Clearly there was room for negotiation.
Ask the lady in the gas station.
So he did.

“Keen on Clyde's truck, are ya? You knows your fadder was buddies with the owner of it?”

Owen was confused by the father reference. He didn't know the woman.

“What? I knows you must be one of Roger's two boys. Not much gets by us that lives here, b'ye. I seen ya gettin'off the bus earlier. See, my husband's been watching over Roger's place since your fadder, you know, got sick in the head or whatever you wants to call it. So he called to say he seen ya goin'into the house earlier on. Besides, we seen ya growing up, and then there's all the pictures on the walls down at the house. He used to have us all over for a laugh, for a feed, and once he got a few drinks in him, he'd crack out the pictures of his two boys. ‘What's they gonna be,'he'd say,‘by the time they're an old feller like me?'”

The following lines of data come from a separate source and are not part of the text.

lemma cycle_list_open_at_edge:
  assumes sym: "symp R" and c: "cycle_list R cs" and e: "{x, y} \<in> cycle_edges cs"
  shows "\<exists>m. cycle_list R (x # m @ [y]) \<and> set (x # m @ [y]) = set cs
              \<and> cycle_edges (x # m @ [y]) = cycle_edges cs"
proof -
  have l: "length cs \<ge> 3" using c unfolding cycle_list_def by simp
  obtain x' m y' where xy': "{x', y'} = {x, y}" and cs': "cycle_list R (x' # m @ [y'])"
    "set (x' # m @ [y']) = set cs" "cycle_edges (x' # m @ [y']) = cycle_edges cs"
  proof (cases "{x, y} = {last cs, hd cs}")
    case True
    have tne: "tl cs \<noteq> []" using l by (cases cs) auto
    have "hd cs # butlast (tl cs) @ [last cs] = cs"
      using l tne by (metis append_butlast_last_id last_tl list.collapse list.size(3) not_numeral_le_zero)
    then show ?thesis using c True by (intro that[where x'="hd cs" and m="butlast (tl cs)" and y'="last cs"]) auto
  next
    case False
    then have "{x, y} \<in> path_edges cs" using e unfolding cycle_edges_def by (auto split: if_splits)
    then obtain us a b ws where cs: "cs = us @ a # b # ws" and ab: "{x, y} = {a, b}"
      using path_edges_split by blast
    have "cycle_list R ((us @ [a]) @ (b # ws))" using c cs by simp
    then have "cycle_list R ((b # ws) @ (us @ [a]))" by (rule cycle_list_rotate) auto
    moreover have "cycle_edges ((b # ws) @ (us @ [a])) = cycle_edges ((us @ [a]) @ (b # ws))"
      by (rule cycle_edges_rotate) auto
    ultimately show ?thesis using cs ab by (intro that[where x'=b and m="ws @ us" and y'=a]) (auto simp: insert_commute)
  qed
  show ?thesis
  proof (cases "x' = x")
    case True
    then have "y' = y" using xy' by (metis doubleton_eq_iff)
    then show ?thesis using cs' True by blast
  next
    case False
    then have "x' = y" "y' = x" using xy' by (metis doubleton_eq_iff)+
    then have "rev (x' # m @ [y']) = x # rev m @ [y]" by simp
    then show ?thesis using cycle_list_rev[OF sym cs'(1)] cycle_edges_rev[of "x' # m @ [y']"] cs'
      by (intro exI[of _ "rev m"]) (metis set_rev)
  qed
qed

lemma cycle_list_glue_at_edge:
  assumes c1: "cycle_list R (x # m1 @ [y])" and c2: "cycle_list R (y # m2 @ [x])"
    and disj: "set m2 \<inter> set (x # m1 @ [y]) = {}"
  shows "cycle_list R (x # m1 @ y # m2)"
    and "cycle_edges (x # m1 @ [y]) \<union> cycle_edges (y # m2 @ [x]) - {{x, y}}
           \<subseteq> cycle_edges (x # m1 @ y # m2)"
proof -
  have m2ne: "m2 \<noteq> []" using c2 unfolding cycle_list_def by auto
  have s1: "successively R (x # m1 @ [y])" and s2: "successively R (y # m2 @ [x])"
    using c1 c2 unfolding cycle_list_def by auto
  have s2': "successively R (y # m2)" and lx: "R (last m2) x"
    using s2 successively_append_iff[of R "y # m2" "[x]"] m2ne by auto
  have "distinct (x # m1 @ y # m2)" using c1 c2 disj unfolding cycle_list_def by auto
  moreover have "successively R (x # m1 @ y # m2)"
    using s1 s2' successively_append_iff[of R "x # m1 @ [y]" m2] m2ne
    by (simp add: successively_Cons)
  moreover have "length (x # m1 @ y # m2) \<ge> 3" using m2ne by (cases m2) auto
  ultimately show "cycle_list R (x # m1 @ y # m2)" using lx m2ne unfolding cycle_list_def by auto
  have "cycle_edges (x # m1 @ y # m2) =
      insert {last m2, x} (path_edges (x # m1 @ [y]) \<union> path_edges m2 \<union> {{y, hd m2}})"
    unfolding cycle_edges_def using m2ne path_edges_append[of "x # m1 @ [y]" m2] by simp
  moreover have "cycle_edges (y # m2 @ [x]) =
      insert {x, y} ({{y, hd m2}} \<union> path_edges m2 \<union> {{last m2, x}})"
    using m2ne path_edges_append[of "y # m2" "[x]"] unfolding cycle_edges_def
    by (simp add: path_edges_Cons)
  ultimately show "cycle_edges (x # m1 @ [y]) \<union> cycle_edges (y # m2 @ [x]) - {{x, y}}
      \<subseteq> cycle_edges (x # m1 @ y # m2)"
    unfolding cycle_edges_def by (auto simp: insert_commute)
qed

lemma cycle_list_glue:
  assumes sym: "symp R" and c1: "cycle_list R cs1" and c2: "cycle_list R cs2"
    and common: "set cs1 \<inter> set cs2 = {x, y}"
    and e1: "{x, y} \<in> cycle_edges cs1" and e2: "{x, y} \<in> cycle_edges cs2"
  shows "\<exists>cs. cycle_list R cs \<and> set cs = set cs1 \<union> set cs2 \<and>
              cycle_edges cs1 \<union> cycle_edges cs2 - {{x, y}} \<subseteq> cycle_edges cs"
proof -
  obtain m1 where m1: "cycle_list R (x # m1 @ [y])" "set (x # m1 @ [y]) = set cs1"
    "cycle_edges (x # m1 @ [y]) = cycle_edges cs1"
    using cycle_list_open_at_edge[OF sym c1 e1] by blast
  obtain m2 where m2: "cycle_list R (y # m2 @ [x])" "set (y # m2 @ [x]) = set cs2"
    "cycle_edges (y # m2 @ [x]) = cycle_edges cs2"
    using cycle_list_open_at_edge[OF sym c2] e2 by (metis insert_commute)
  have "x \<notin> set m2" "y \<notin> set m2" using m2(1) unfolding cycle_list_def by auto
  then have "set m2 \<inter> set (x # m1 @ [y]) = {}" using common m1(2) m2(2) by auto
  note glued = cycle_list_glue_at_edge[OF m1(1) m2(1) this]
  moreover have "set (x # m1 @ y # m2) = set cs1 \<union> set cs2" using m1(2) m2(2) by auto
  ultimately show ?thesis using m1(3) m2(3) by (intro exI[of _ "x # m1 @ y # m2"]) auto
qed

lemma cycle_list_mono: "cycle_list R cs \<Longrightarrow> (\<And>a b. R a b \<Longrightarrow> R' a b) \<Longrightarrow> cycle_list R' cs"
  unfolding cycle_list_def using successively_mono by blast

lemma two_regular_path_interior_neighbours:
  assumes sym: "symp E" and finB: "finite B" and deg: "\<And>w. w \<in> B \<Longrightarrow> card {u\<in>B. E w u} = 2"
    and xs: "distinct (p @ u # r)" "set (p @ u # r) \<subseteq> B" "successively E (p @ u # r)"
    and ne: "p \<noteq> []" "r \<noteq> []"
  shows "{w\<in>B. E u w} = {last p, hd r}"
proof -
  have "E (last p) u" "E u (hd r)" using xs(3) ne by (cases r; auto simp: successively_append_iff)+
  moreover have "last p \<in> B" "hd r \<in> B" using xs(2) ne by auto
  ultimately have sub: "{last p, hd r} \<subseteq> {w\<in>B. E u w}" using sym by (auto dest: sympD)
  have "last p \<in> set p" "hd r \<in> set r" using ne by auto
  then have "last p \<noteq> hd r" using xs(1) by auto
  then have "card {last p, hd r} = card {w\<in>B. E u w}" using deg xs(2) by auto
  then show ?thesis using card_subset_eq[OF _ sub] finB by simp
qed

text \<open>The other neighbour of the last vertex must be the first one, since an interior vertex
  of the path has no neighbours besides its two path neighbours.\<close>

lemma two_regular_maximal_path_closes:
  assumes sym: "symp E" and irr: "\<And>a. \<not> E a a" and finB: "finite B"
    and deg: "\<And>w. w \<in> B \<Longrightarrow> card {u\<in>B. E w u} = 2"
    and dx: "distinct xs" and sxB: "set xs \<subseteq> B" and sx: "successively E xs" and xne: "xs \<noteq> []"
    and maximal: "{u\<in>B. E (last xs) u} \<subseteq> set xs"
  shows "cycle_list E xs"
proof -
  define z where "z = last xs"
  let ?N = "\<lambda>w. {u\<in>B. E w u}"
  have zB: "z \<in> B" using sxB xne unfolding z_def by auto
  obtain u1 u2 where u12: "?N z = {u1, u2}" "u1 \<noteq> u2" using deg[OF zB] by (meson card_2_iff)
  have "u1 \<noteq> z" "u2 \<noteq> z" using u12(1) irr by blast+
  then have "card {u1, u2, z} = 3" using u12(2) by simp
  moreover have "{u1, u2, z} \<subseteq> set xs" using maximal u12(1) xne unfolding z_def by auto
  ultimately have len: "length xs \<ge> 3" using dx by (metis card_mono distinct_card List.finite_set)
  obtain ys y where xs: "xs = ys @ [y, z]"
  proof -
    have "butlast xs \<noteq> []" using len by (cases xs rule: rev_cases) auto
    then have "xs = butlast (butlast xs) @ [last (butlast xs), z]"
      using xne unfolding z_def by (metis append_butlast_last_id append.assoc append_Cons append_Nil)
    then show thesis by (rule that)
  qed
  have "y \<in> ?N z" using sx sxB sym unfolding xs by (auto simp: successively_append_iff dest: sympD)
  then obtain u where u: "?N z = {y, u}" "u \<noteq> y" using u12 by auto
  have uN: "u \<in> ?N z" using u by auto
  have "E z (hd xs)"
  proof (rule ccontr)
    assume "\<not> E z (hd xs)"
    then have "u \<noteq> hd xs" using uN by auto
    have "u \<in> set xs" using maximal uN unfolding z_def by auto
    then have "u \<in> set ys" using u(2) uN irr xs by auto
    then obtain p q where ys: "ys = p @ u # q" by (meson split_list)
    have xs2: "xs = p @ u # (q @ [y, z])" using xs ys by simp
    have "p \<noteq> []" using \<open>u \<noteq> hd xs\<close> xs2 by auto
    then have "?N u = {last p, hd (q @ [y, z])}"
      using two_regular_path_interior_neighbours[OF sym finB deg] dx sxB sx unfolding xs2 by blast
    moreover have "z \<in> ?N u" using uN zB sym by (auto dest: sympD)
    moreover have "z \<noteq> last p" using dx \<open>p \<noteq> []\<close> unfolding xs2 by (auto dest!: last_in_set)
    moreover have "z \<noteq> hd (q @ [y, z])" using dx unfolding xs2 by (cases q) auto
    ultimately show False by blast
  qed
  then show ?thesis unfolding cycle_list_def using len dx sx unfolding z_def by auto
qed

lemma two_regular_cycle_list_covers:
  assumes sym: "symp E" and conn: "connected_on E B" and finB: "finite B"
    and deg: "\<And>w. w \<in> B \<Longrightarrow> card {u\<in>B. E w u} = 2"
    and cyc: "cycle_list E xs" and sxB: "set xs \<subseteq> B" and xne: "xs \<noteq> []"
  shows "set xs = B"
proof -
  have "B \<subseteq> set xs"
  proof (rule connected_on_closed_subset[OF conn])
    show "hd xs \<in> B" "hd xs \<in> set xs" using sxB xne by auto
  next
    fix a c assume a: "a \<in> set xs" and ac: "E a c" and cB: "c \<in> B"
    then obtain p q where xs: "xs = p @ a # q" by (meson split_list)
    \<comment> \<open>Rotating the cycle to start at \<open>a\<close> exhibits two distinct neighbours of \<open>a\<close> on it.\<close>
    have "cycle_list E ((a # q) @ p)"
      using cyc xs cycle_list_rotate[of E p "a # q"] by (cases "p = []") auto
    then have c': "cycle_list E (a # q @ p)" by simp
    then have "length (q @ p) \<ge> 2" unfolding cycle_list_def by simp
    then obtain h t where ht: "q @ p = h # t" "t \<noteq> []" by (cases "q @ p") (auto simp: Suc_le_eq)
    have ht_xs: "insert h (set t) \<subseteq> set xs" using xs arg_cong[OF ht(1), of set] by auto
    have lt: "last t \<in> set t" using ht(2) by simp
    have "E a h" "E (last t) a" "h \<noteq> last t" using c' ht lt unfolding cycle_list_def by auto
    then have nb: "{h, last t} \<subseteq> {u\<in>B. E a u}" using sym sxB ht_xs lt by (auto dest: sympD)
    moreover have "card {h, last t} = card {u\<in>B. E a u}" using \<open>h \<noteq> last t\<close> deg a sxB by auto
    moreover have "finite {u\<in>B. E a u}" using finB by simp
    ultimately have "{h, last t} = {u\<in>B. E a u}" by (intro card_subset_eq)
    then show "c \<in> set xs" using ac cB ht_xs lt by auto
  qed
  then show ?thesis using sxB by auto
qed

lemma cycle_block_cycle_list:
  assumes sg: "sgraph V E" and bc: "block_is_cycle E B"
  shows "\<exists>xs. cycle_list E xs \<and> set xs = B"
proof -
  have finB: "finite B" and B3: "card B \<ge> 3" and conn: "connected_on E B"
    and deg: "\<And>w. w \<in> B \<Longrightarrow> card {u\<in>B. E w u} = 2"
    using bc unfolding block_is_cycle_def by auto
  have sym: "symp E" and irr: "\<And>a. \<not> E a a"
    using sg unfolding sgraph_def symp_def by blast+
  define P where "P xs \<longleftrightarrow> distinct xs \<and> set xs \<subseteq> B \<and> successively E xs \<and> xs \<noteq> []" for xs
  obtain b0 where "b0 \<in> B" using B3 by fastforce
  then have "P [b0]" unfolding P_def by simp
  moreover have "\<forall>ys. P ys \<longrightarrow> length ys < Suc (card B)"
    using finB unfolding P_def by (metis card_mono distinct_card less_Suc_eq_le)
  ultimately obtain xs where Pxs: "P xs" and longest: "\<And>ys. P ys \<Longrightarrow> length ys \<le> length xs"
    using ex_has_greatest_nat[of P "[b0]" length "Suc (card B)"] by blast
  then have xs: "distinct xs" "set xs \<subseteq> B" "successively E xs" "xs \<noteq> []"
    unfolding P_def by auto
  have "{u\<in>B. E (last xs) u} \<subseteq> set xs"
  proof (rule subsetI, rule ccontr)
    fix u assume "u \<in> {u\<in>B. E (last xs) u}" "u \<notin> set xs"
    then have "P (xs @ [u])" using xs unfolding P_def by (auto simp: successively_append_iff)
    then show False using longest[of "xs @ [u]"] by simp
  qed
  then have "cycle_list E xs" using two_regular_maximal_path_closes[OF sym irr finB deg xs] by blast
  then show ?thesis using two_regular_cycle_list_covers[OF sym conn finB deg _ xs(2,4)] by blast
qed

text \<open>The zigzag \<open>(a,0) (a,1) (b,1) (b,0)\<close> through consecutive pairs of a list returns to
  level 0 after an even number of vertices; this is where evenness of the cycles is needed.\<close>

fun prism :: "'a list \<Rightarrow> ('a \<times> nat) list" where
  "prism (a # b # rest) = [(a,0),(a,1),(b,1),(b,0)] @ prism rest"
| "prism [a] = [(a,0),(a,1)]"
| "prism [] = []"

lemma box_E_K2_iff: "box_E E K2_E V K2_V (a, i) (b, j) \<longleftrightarrow>
   a \<in> V \<and> b \<in> V \<and> i \<in> {0,1} \<and> j \<in> {0,1} \<and> ((E a b \<and> i = j) \<or> (a = b \<and> i \<noteq> j))"
  unfolding box_E_def K2_E_def K2_V_def by auto

lemma prism_set: "set (prism c) = set c \<times> {0,1}"
  by (induction c rule: prism.induct) auto

lemma prism_hd: "c \<noteq> [] \<Longrightarrow> hd (prism c) = (hd c, 0)"
  by (induction c rule: prism.induct) auto

lemma prism_ne: "c \<noteq> [] \<Longrightarrow> prism c \<noteq> []"
  by (induction c rule: prism.induct) auto

lemma prism_last: "even (length c) \<Longrightarrow> c \<noteq> [] \<Longrightarrow> last (prism c) = (last c, 0)"
  by (induction c rule: prism.induct) (auto simp: prism_ne)

lemma prism_len: "length (prism c) = 2 * length c"
  by (induction c rule: prism.induct) auto

lemma prism_distinct: "distinct c \<Longrightarrow> distinct (prism c)"
  by (induction c rule: prism.induct) (auto simp: prism_set)
(* Let $n,N\ge1$ and positive integers $r_1,\dots,r_N,r$ with $r_i\le r\le\lfloor(n-1)/2\rfloor$. Consider either (a) $d=n$, $p=r_i+1$, $q=n-r_i$ for some $i$, and $\mathcal{A}(y)=\mathcal{H}_{r_i+1}(y)$; or (b) $d=Nn$, $p=r+1$, $q=N(n-r)$, $\mathcal{A}(y)=[\mathcal{H}_{r+1}(y_1)\cdots\mathcal{H}_{r+1}(y_N)]$ for $y=(y_1^\top,\dots,y_N^\top)^\top$. Fix $\hat y\in\mathbb{R}^d$ and define, for $R\in\mathbb{R}^{1\times p}$, $$\Psi(R)=\inf_{y\in\mathbb{R}^d}\Big\{\tfrac12\|y-\hat y\|^2:\ R\mathcal{A}(y)=0\Big\}.$$ Then $\Psi$ is smooth on $\mathbb{R}^{1\times p}\setminus\{0\}$.
   Context: For $x\in\mathbb{R}^n$ and $1\le l\le n$, $\mathcal{H}_l(x)\in\mathbb{R}^{l\times(n-l+1)}$ is the Hankel matrix with $(i,j)$ entry $x(i+j-1)$. *)

theory Defs
  imports "HOL-Analysis.Analysis"
begin

text \<open>For open S this is exactly: all iterated partial derivatives of all orders
exist and are continuous on S.\<close>
definition smooth_on :: "'a::euclidean_space set \<Rightarrow> ('a \<Rightarrow> real) \<Rightarrow> bool" where
  "smooth_on S f \<longleftrightarrow>
     (\<exists>F. f \<in> F \<and>
        (\<forall>g\<in>F. \<exists>D. (\<forall>i\<in>Basis. D i \<in> F) \<and>
             (\<forall>x\<in>S. (g has_derivative (\<lambda>h. \<Sum>i\<in>Basis. (h \<bullet> i) * D i x)) (at x))))"

text \<open>Hankel matrix H_l(x), x in R^n, with 0-based indices: entry (i,j) = x(i+j)
 for i < l, j < n - l + 1 (the size l x (n-l+1) is supplied separately).\<close>
definition hankel :: "(nat \<Rightarrow> real) \<Rightarrow> nat \<Rightarrow> nat \<Rightarrow> real" where
  "hankel x i j = x (i + j)"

Owen didn't know what to say, or how to compose himself. He darted his eyes onto a hangnail, into her eyes, and back down to the hangnail, flashing his most friendly smile maybe too much. She was talking to him with such familiarity for a stranger. He felt like he should be shaking her hand maybe, and explaining he'd be living here now, for a while at least.

“Look at ya there, right confused. Sure, I probably changed your diapers, me son!Which one is ya? Owen or Alex?”